UNITED STATES OF AMERICA
SECURITIES AND EXCHANGE COMMISSION
SECURITIES ACT OF 1933
Release No. 8082 / April 9, 2002
SECURITIES EXCHANGE ACT OF 1934
Release No. 45716 / April 9, 2002
File No. 3-10545
In the Matter of
Harvey M. Burstein and
James D. Loeffelbein
ORDER MAKING FINDINGS
AND IMPOSING A CEASE-AND-DESIST ORDER AND
AS TO JAMES D. LOEFFELBEIN
On August 3, 2001, the Securities and Exchange Commission ("Commission") issued an Order Instituting Public Proceedings Pursuant to Sections 15(b)(6), 19(h) and 21C of the Securities Exchange Act of 1934 ("Exchange Act") and Section 8A of the Securities Act of 1933 ("Securities Act") against Harvey M. Burstein ("Burstein") and James D. Loeffelbein ("Loeffelbein").
Loeffelbein has submitted to the Commission an Offer of Settlement which the Commission has determined to accept. Solely for the purpose of these proceedings and any other proceedings brought by or on behalf of the Commission, or to which the Commission is a party, and without admitting or denying the findings, except the jurisdiction of the Commission over him and over the matters set forth herein, and the facts in Section II, paragraphs 1 and 3, which he admits, Loeffelbein consents to the entry of this Order Making Findings and Imposing a Cease-and-Desist Order and Remedial Sanctions ("Order").
On the basis of this Order and the Offer of Settlement submitted by Loeffelbein, the Commission finds that:
- BMA Financial Services, Inc. ("BMA") is a broker-dealer registered with the Commission (File No. 8-23717) since May 1979 and based in Kansas City, Missouri.
- Burstein is a resident of Henderson, Nevada. He was a registered representative for BMA from April 1990 to September 1997. Burstein has held a Series 7 securities license since December of 1975.
- James D. Loeffelbein ("Loeffelbein") is a resident of Bucyrus, Kansas.
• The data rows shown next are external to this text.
(* Let $f:A\to B$ be a ring homomorphism, $\mathfrak b$ an ideal of $B$, and $A\bowtie^f\mathfrak b:=\{(a,f(a)+b): a\in A,\ b\in\mathfrak b\}\subseteq A\times B$. (1) If $A\bowtie^f\mathfrak b$ is a coherent ring, then $A$ is a coherent ring. (2) If $A$ is a coherent ring and $\mathfrak b$ is a coherent $A$-module (with the structure induced by $f$, $a\cdot x=f(a)x$), then $A\bowtie^f\mathfrak b$ is a coherent ring.
   Context: All rings are commutative with identity. A module $M$ over a ring $R$ is coherent if it is finitely generated and every finitely generated submodule of $M$ is finitely presented; a ring $R$ is coherent if it is coherent as a module over itself (every finitely generated ideal is finitely presented). *)

theory Defs
  imports "HOL-Algebra.Algebra"
begin

definition lin_comb :: "('a, 'm) module \<Rightarrow> nat \<Rightarrow> (nat \<Rightarrow> 'a) \<Rightarrow> (nat \<Rightarrow> 'm) \<Rightarrow> 'm" where
  "lin_comb M n c g = finsum M (\<lambda>i. c i \<odot>\<^bsub>M\<^esub> g i) {..<n}"

definition span_gens :: "('a, 'n) ring_scheme \<Rightarrow> ('a, 'm) module \<Rightarrow> nat \<Rightarrow> (nat \<Rightarrow> 'm) \<Rightarrow> 'm set" where
  "span_gens R M n g = {lin_comb M n c g | c. c \<in> {..<n} \<rightarrow> carrier R}"

definition fin_gen :: "('a, 'n) ring_scheme \<Rightarrow> ('a, 'm) module \<Rightarrow> 'm set \<Rightarrow> bool" where
  "fin_gen R M N \<longleftrightarrow> (\<exists>n g. g \<in> {..<n} \<rightarrow> N \<and> N = span_gens R M n g)"

definition free_module :: "('a, 'n) ring_scheme \<Rightarrow> nat \<Rightarrow> ('a, nat \<Rightarrow> 'a) module" where
  "free_module R n =
     \<lparr>carrier = {..<n} \<rightarrow>\<^sub>E carrier R,
      monoid.mult = (\<lambda>c d. \<lambda>i\<in>{..<n}. c i \<otimes>\<^bsub>R\<^esub> d i),
      monoid.one = (\<lambda>i\<in>{..<n}. \<one>\<^bsub>R\<^esub>),
      ring.zero = (\<lambda>i\<in>{..<n}. \<zero>\<^bsub>R\<^esub>),
      ring.add = (\<lambda>c d. \<lambda>i\<in>{..<n}. c i \<oplus>\<^bsub>R\<^esub> d i),
      module.smult = (\<lambda>r c. \<lambda>i\<in>{..<n}. r \<otimes>\<^bsub>R\<^esub> c i)\<rparr>"

definition relations :: "('a, 'n) ring_scheme \<Rightarrow> ('a, 'm) module \<Rightarrow> nat \<Rightarrow> (nat \<Rightarrow> 'm) \<Rightarrow> (nat \<Rightarrow> 'a) set" where
  "relations R M n g = {c \<in> {..<n} \<rightarrow>\<^sub>E carrier R. lin_comb M n c g = \<zero>\<^bsub>M\<^esub>}"

definition fin_pres :: "('a, 'n) ring_scheme \<Rightarrow> ('a, 'm) module \<Rightarrow> bool" where
  "fin_pres R M \<longleftrightarrow> (\<exists>n g. g \<in> {..<n} \<rightarrow> carrier M \<and> carrier M = span_gens R M n g \<and>
                        fin_gen R (free_module R n) (relations R M n g))"

definition coherent_module :: "('a, 'n) ring_scheme \<Rightarrow> ('a, 'm) module \<Rightarrow> bool" where
  "coherent_module R M \<longleftrightarrow> fin_gen R M (carrier M) \<and>
     (\<forall>N. N \<subseteq> carrier M \<and> fin_gen R M N \<longrightarrow> fin_pres R (M\<lparr>carrier := N\<rparr>))"

definition ring_module :: "('a, 'n) ring_scheme \<Rightarrow> ('a, 'a) module" where
  "ring_module R = \<lparr>carrier = carrier R, monoid.mult = monoid.mult R, monoid.one = monoid.one R, ring.zero = ring.zero R,
                    ring.add = ring.add R, module.smult = monoid.mult R\<rparr>"

definition coherent_ring :: "('a, 'n) ring_scheme \<Rightarrow> bool" where
  "coherent_ring R \<longleftrightarrow> coherent_module R (ring_module R)"

definition ideal_module_via ::
  "('a, 'n) ring_scheme \<Rightarrow> ('b, 'm) ring_scheme \<Rightarrow> ('a \<Rightarrow> 'b) \<Rightarrow> 'b set \<Rightarrow> ('a, 'b) module" where
  "ideal_module_via A B f b = \<lparr>carrier = b, monoid.mult = monoid.mult B, monoid.one = monoid.one B, ring.zero = ring.zero B,
                               ring.add = ring.add B, module.smult = (\<lambda>a x. f a \<otimes>\<^bsub>B\<^esub> x)\<rparr>"

definition amalg_carrier ::
  "('a, 'n) ring_scheme \<Rightarrow> ('b, 'm) ring_scheme \<Rightarrow> ('a \<Rightarrow> 'b) \<Rightarrow> 'b set \<Rightarrow> ('a \<times> 'b) set" where
  "amalg_carrier A B f b = {(a, f a \<oplus>\<^bsub>B\<^esub> y) | a y. a \<in> carrier A \<and> y \<in> b}"

definition amalg ::
  "('a, 'n) ring_scheme \<Rightarrow> ('b, 'm) ring_scheme \<Rightarrow> ('a \<Rightarrow> 'b) \<Rightarrow> 'b set \<Rightarrow> ('a \<times> 'b) ring" where
  "amalg A B f b = (RDirProd A B)\<lparr>carrier := amalg_carrier A B f b\<rparr>"

end

theory Submission
  imports Defs
begin

(*
  A is a retract of A \<bowtie>\<^sup>f b through a \<mapsto> (a, f a) and fst, and coherence passes to retracts:
  the relations among finitely many elements of A are the fst-images of the relations among their
  images in A \<bowtie>\<^sup>f b.

  Conversely, A \<bowtie>\<^sup>f b is a finite A-module, generated by 1 and 0 \<times> b. A finitely generated
  ideal J of A \<bowtie>\<^sup>f b is therefore finitely generated over A, and as an A-module it is an extension
  of the finitely generated ideal fst ` J of A by the kernel of fst, which snd maps isomorphically
  onto a finitely generated submodule of b. Coherence of A and of b makes both ends finitely
  presented, hence J is finitely presented over A, and finite presentation descends along the
  finite ring extension A \<rightarrow> A \<bowtie>\<^sup>f b.
*)

lemma choice_lessThan:
  assumes "\<And>i. i < n \<Longrightarrow> \<exists>x. P i x"
  obtains p where "\<And>i. i < n \<Longrightarrow> P i (p i)"
  using bchoice[of "{..<n}" P] assms by auto

section \<open>Linear combinations and finite generation\<close>

(* lin_comb and span_gens expect a module record without extension fields. *)
locale plain_module = module R M for R :: "('a,'n) ring_scheme" and M :: "('a,'b) module"

context plain_module
begin

lemma lin_comb_0 [simp]: "lin_comb M 0 c g = \<zero>\<^bsub>M\<^esub>"
  by (simp add: lin_comb_def)

lemma lin_comb_closed [intro]:
  "c \<in> {..<n} \<rightarrow> carrier R \<Longrightarrow> g \<in> {..<n} \<rightarrow> carrier M \<Longrightarrow> lin_comb M n c g \<in> carrier M"
  unfolding lin_comb_def by (rule M.finsum_closed) auto

lemma lin_comb_Suc:
  assumes "c \<in> {..<Suc n} \<rightarrow> carrier R" "g \<in> {..<Suc n} \<rightarrow> carrier M"
  shows "lin_comb M (Suc n) c g = lin_comb M n c g \<oplus>\<^bsub>M\<^esub> c n \<odot>\<^bsub>M\<^esub> g n"
proof -
  have "lin_comb M (Suc n) c g = c n \<odot>\<^bsub>M\<^esub> g n \<oplus>\<^bsub>M\<^esub> lin_comb M n c g"
    unfolding lin_comb_def lessThan_Suc using assms
    by (subst M.finsum_insert) (auto simp: Pi_iff)
  also have "\<dots> = lin_comb M n c g \<oplus>\<^bsub>M\<^esub> c n \<odot>\<^bsub>M\<^esub> g n"
    using assms by (intro M.a_comm) (auto intro!: lin_comb_closed simp: Pi_iff)
  finally show ?thesis .
qed

lemma lin_comb_cong:
  assumes "\<And>i. i < n \<Longrightarrow> c i = c' i" "\<And>i. i < n \<Longrightarrow> g i = g' i"
    "c \<in> {..<n} \<rightarrow> carrier R" "g \<in> {..<n} \<rightarrow> carrier M"
  shows "lin_comb M n c g = lin_comb M n c' g'"
  unfolding lin_comb_def using assms by (intro M.finsum_cong') (auto simp: Pi_iff)

lemma lin_comb_restrict_coeffs:
  assumes "c \<in> {..<n} \<rightarrow> carrier R" "g \<in> {..<n} \<rightarrow> carrier M"
  shows "lin_comb M n (restrict c {..<n}) g = lin_comb M n c g"
  using assms by (intro lin_comb_cong) auto

lemma lin_comb_add_coeffs:
  assumes "c \<in> {..<n} \<rightarrow> carrier R" "d \<in> {..<n} \<rightarrow> carrier R" "g \<in> {..<n} \<rightarrow> carrier M"
  shows "lin_comb M n (\<lambda>i. c i \<oplus>\<^bsub>R\<^esub> d i) g = lin_comb M n c g \<oplus>\<^bsub>M\<^esub> lin_comb M n d g"
proof -
  have "lin_comb M n (\<lambda>i. c i \<oplus>\<^bsub>R\<^esub> d i) g
      = finsum M (\<lambda>i. c i \<odot>\<^bsub>M\<^esub> g i \<oplus>\<^bsub>M\<^esub> d i \<odot>\<^bsub>M\<^esub> g i) {..<n}"
    unfolding lin_comb_def using assms by (intro M.finsum_cong') (auto simp: Pi_iff smult_l_distr)
  also have "\<dots> = lin_comb M n c g \<oplus>\<^bsub>M\<^esub> lin_comb M n d g"
    unfolding lin_comb_def using assms by (intro M.finsum_addf) (auto simp: Pi_iff)
  finally show ?thesis .
qed

lemma lin_comb_add_gens:
  assumes "c \<in> {..<n} \<rightarrow> carrier R" "g \<in> {..<n} \<rightarrow> carrier M" "h \<in> {..<n} \<rightarrow> carrier M"
  shows "lin_comb M n c (\<lambda>i. g i \<oplus>\<^bsub>M\<^esub> h i) = lin_comb M n c g \<oplus>\<^bsub>M\<^esub> lin_comb M n c h"
proof -
  have "lin_comb M n c (\<lambda>i. g i \<oplus>\<^bsub>M\<^esub> h i)
      = finsum M (\<lambda>i. c i \<odot>\<^bsub>M\<^esub> g i \<oplus>\<^bsub>M\<^esub> c i \<odot>\<^bsub>M\<^esub> h i) {..<n}"
    unfolding lin_comb_def using assms by (intro M.finsum_cong') (auto simp: Pi_iff smult_r_distr)
  also have "\<dots> = lin_comb M n c g \<oplus>\<^bsub>M\<^esub> lin_comb M n c h"
    unfolding lin_comb_def using assms by (intro M.finsum_addf) (auto simp: Pi_iff)
  finally show ?thesis .
qed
He was a registered representative for BMA from January 1990 to September 1998. Loeffelbein has held a Series 7 securities license since March of 1988.
- Edgerton Musical Amplifiers, Inc. ("Edgerton") was a Colorado corporation based in Olathe, Kansas. Edgerton was the result of a merger between a public shell corporation called Burning Bush Recreation Corp. ("Burning Bush") and a privately held corporation called Edgerton Technology, Inc. The public company took on the Edgerton name after the merger. Edgerton ceased operations in May 1998. Neither Edgerton nor Burning Bush ever registered any securities under the Securities Act or the Exchange Act, or filed reports under the Exchange Act. Public trading resulted solely from stock that Edgerton sold in transactions exempt under Regulation D of the Securities Act from December 1996 through June 1997. In approximately mid-March 1997 the company effected a two-for-one forward split of its stock.
- Edgerton stock was quoted on the OTC Bulletin Board under the symbol AMPS beginning in November 1996. From November 1996 until Edgerton ceased operations in May 1998 the stock was thinly traded; thereafter it traded only extremely sporadically.
- In approximately January 1997 Burstein learned from Edgerton's president that Edgerton was attempting to raise capital by offering stock for sale. The stock was offered pursuant to Rule 504 of Regulation D of the Securities Act, an exemption from the registration requirements of the Securities Act.
- Burstein informed Loeffelbein of the investment opportunity. On February 20, 1997, Burstein and Loeffelbein each subscribed to purchase 142,000 shares directly from Edgerton. On February 24, 1997, Burstein and Loeffelbein closed the transactions by paying $125,000 each for their shares, or $.88 per share. Burstein and Loeffelbein each withdrew funds from their personal accounts at BMA to pay for the stock and then deposited the stock into their accounts at BMA.
- On February 19, 1997, Edgerton stock closed at $4.38. No trades occurred on February 20. The stock closed at $3.25 on February 21. Thus, the price that Burstein and Loeffelbein paid was a significant discount from the market price.
- Burstein and Loeffelbein purchased an additional 100,000 shares each directly from Edgerton on or about May 21, 1997. They paid $.20 per share. The last reported trade before these purchases was the $.38 closing price on May 16, 1997; thus, these purchases also occurred at a discount from the market price.
- Shortly after purchasing Edgerton stock directly from Edgerton in February 1997, Burstein and Loeffelbein began recommending to their customers that they buy Edgerton stock in the market. Their customers then bought Edgerton stock at market prices, which were significantly higher than the price paid by Burstein and Loeffelbein for their Edgerton stock.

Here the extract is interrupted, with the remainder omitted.